Find the line containing "text \<open>LUC(S): bounded" in the records below. Copy exactly that line and each one after it, ending at the line containing "(range f) \<and>", and nothing more.
== Segment start ==
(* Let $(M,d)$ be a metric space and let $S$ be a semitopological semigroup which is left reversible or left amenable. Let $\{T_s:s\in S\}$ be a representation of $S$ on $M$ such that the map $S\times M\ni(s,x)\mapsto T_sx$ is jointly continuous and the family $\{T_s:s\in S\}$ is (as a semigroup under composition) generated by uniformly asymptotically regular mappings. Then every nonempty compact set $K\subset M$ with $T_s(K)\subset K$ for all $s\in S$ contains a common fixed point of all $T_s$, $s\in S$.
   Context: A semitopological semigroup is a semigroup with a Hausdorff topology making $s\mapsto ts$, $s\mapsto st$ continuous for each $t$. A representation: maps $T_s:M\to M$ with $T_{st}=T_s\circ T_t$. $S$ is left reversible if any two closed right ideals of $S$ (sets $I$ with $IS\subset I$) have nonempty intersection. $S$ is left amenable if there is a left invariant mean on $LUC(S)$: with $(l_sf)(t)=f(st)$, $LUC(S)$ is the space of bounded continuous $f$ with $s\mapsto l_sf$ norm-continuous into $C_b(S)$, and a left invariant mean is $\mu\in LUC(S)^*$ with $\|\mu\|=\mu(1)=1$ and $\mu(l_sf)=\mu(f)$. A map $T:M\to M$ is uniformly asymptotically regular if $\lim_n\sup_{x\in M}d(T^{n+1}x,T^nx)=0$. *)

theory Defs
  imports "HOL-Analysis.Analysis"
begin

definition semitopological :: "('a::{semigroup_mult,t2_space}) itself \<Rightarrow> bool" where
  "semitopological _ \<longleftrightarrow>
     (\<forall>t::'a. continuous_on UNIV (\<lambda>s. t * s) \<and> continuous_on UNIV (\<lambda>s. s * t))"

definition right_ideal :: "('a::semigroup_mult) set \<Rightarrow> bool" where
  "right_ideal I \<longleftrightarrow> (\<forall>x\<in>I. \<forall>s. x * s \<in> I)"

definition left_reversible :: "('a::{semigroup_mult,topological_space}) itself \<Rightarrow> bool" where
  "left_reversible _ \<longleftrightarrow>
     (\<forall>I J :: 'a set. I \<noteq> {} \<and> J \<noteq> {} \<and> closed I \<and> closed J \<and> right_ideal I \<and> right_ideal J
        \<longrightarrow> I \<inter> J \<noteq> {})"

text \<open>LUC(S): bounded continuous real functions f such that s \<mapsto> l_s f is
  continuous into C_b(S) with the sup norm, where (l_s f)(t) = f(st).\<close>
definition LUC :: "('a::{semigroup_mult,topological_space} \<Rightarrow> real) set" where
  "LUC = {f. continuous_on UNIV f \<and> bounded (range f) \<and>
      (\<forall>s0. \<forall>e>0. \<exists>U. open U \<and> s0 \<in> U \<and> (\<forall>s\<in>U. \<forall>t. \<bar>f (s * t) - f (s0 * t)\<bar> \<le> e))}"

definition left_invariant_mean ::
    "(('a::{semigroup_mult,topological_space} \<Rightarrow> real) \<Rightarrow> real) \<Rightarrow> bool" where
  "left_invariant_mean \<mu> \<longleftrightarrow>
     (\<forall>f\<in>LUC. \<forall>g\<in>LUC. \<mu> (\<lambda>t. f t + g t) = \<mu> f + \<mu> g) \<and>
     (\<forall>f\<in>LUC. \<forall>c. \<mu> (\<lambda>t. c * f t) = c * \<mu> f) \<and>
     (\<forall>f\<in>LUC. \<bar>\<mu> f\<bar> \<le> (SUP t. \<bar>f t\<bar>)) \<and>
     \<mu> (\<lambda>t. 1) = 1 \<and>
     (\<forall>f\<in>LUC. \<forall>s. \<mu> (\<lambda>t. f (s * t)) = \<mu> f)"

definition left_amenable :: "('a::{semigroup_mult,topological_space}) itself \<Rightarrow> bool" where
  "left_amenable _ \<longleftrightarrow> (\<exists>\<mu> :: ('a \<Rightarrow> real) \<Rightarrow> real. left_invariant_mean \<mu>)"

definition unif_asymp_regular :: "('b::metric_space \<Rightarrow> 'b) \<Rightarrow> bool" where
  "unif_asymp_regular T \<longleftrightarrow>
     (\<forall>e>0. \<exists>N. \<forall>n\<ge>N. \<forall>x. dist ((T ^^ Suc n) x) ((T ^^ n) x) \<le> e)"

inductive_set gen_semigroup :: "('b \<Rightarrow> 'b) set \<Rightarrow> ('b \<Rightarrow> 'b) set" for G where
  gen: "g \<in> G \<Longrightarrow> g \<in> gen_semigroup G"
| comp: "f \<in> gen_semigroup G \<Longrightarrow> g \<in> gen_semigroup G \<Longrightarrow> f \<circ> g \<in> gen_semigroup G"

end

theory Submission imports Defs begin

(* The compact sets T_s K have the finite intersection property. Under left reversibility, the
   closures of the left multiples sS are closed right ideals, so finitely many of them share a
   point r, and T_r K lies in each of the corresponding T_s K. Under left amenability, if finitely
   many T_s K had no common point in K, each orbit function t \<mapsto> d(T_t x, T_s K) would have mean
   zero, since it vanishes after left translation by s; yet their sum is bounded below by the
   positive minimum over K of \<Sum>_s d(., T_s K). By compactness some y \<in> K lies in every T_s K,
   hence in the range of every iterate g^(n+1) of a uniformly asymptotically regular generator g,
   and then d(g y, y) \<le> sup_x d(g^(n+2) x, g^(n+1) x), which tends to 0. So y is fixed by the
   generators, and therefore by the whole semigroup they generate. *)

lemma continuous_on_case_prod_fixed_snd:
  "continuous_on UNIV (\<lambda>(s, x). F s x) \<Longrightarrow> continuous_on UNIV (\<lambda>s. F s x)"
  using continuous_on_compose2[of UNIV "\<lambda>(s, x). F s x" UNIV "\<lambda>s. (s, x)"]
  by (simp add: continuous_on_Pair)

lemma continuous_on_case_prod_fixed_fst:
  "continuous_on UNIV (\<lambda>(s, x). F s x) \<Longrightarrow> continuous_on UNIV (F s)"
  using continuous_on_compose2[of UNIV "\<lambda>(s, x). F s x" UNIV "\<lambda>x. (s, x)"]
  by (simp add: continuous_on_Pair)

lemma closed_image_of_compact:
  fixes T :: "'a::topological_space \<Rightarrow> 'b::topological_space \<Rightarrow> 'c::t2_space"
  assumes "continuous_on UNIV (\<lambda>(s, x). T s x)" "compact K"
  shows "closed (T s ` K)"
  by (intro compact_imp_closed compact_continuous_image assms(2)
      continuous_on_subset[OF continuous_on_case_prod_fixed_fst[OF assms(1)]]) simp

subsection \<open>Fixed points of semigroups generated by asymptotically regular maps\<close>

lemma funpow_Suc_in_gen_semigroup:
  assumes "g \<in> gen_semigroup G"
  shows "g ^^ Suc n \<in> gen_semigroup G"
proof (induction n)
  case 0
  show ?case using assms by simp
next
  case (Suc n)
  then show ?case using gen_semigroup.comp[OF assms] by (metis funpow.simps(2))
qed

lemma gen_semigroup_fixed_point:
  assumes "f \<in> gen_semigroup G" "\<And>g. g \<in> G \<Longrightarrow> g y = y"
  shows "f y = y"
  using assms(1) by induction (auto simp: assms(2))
== Segment end ==
→ Answer to the exercise
text \<open>LUC(S): bounded continuous real functions f such that s \<mapsto> l_s f is
  continuous into C_b(S) with the sup norm, where (l_s f)(t) = f(st).\<close>
definition LUC :: "('a::{semigroup_mult,topological_space} \<Rightarrow> real) set" where
  "LUC = {f. continuous_on UNIV f \<and> bounded (range f) \<and>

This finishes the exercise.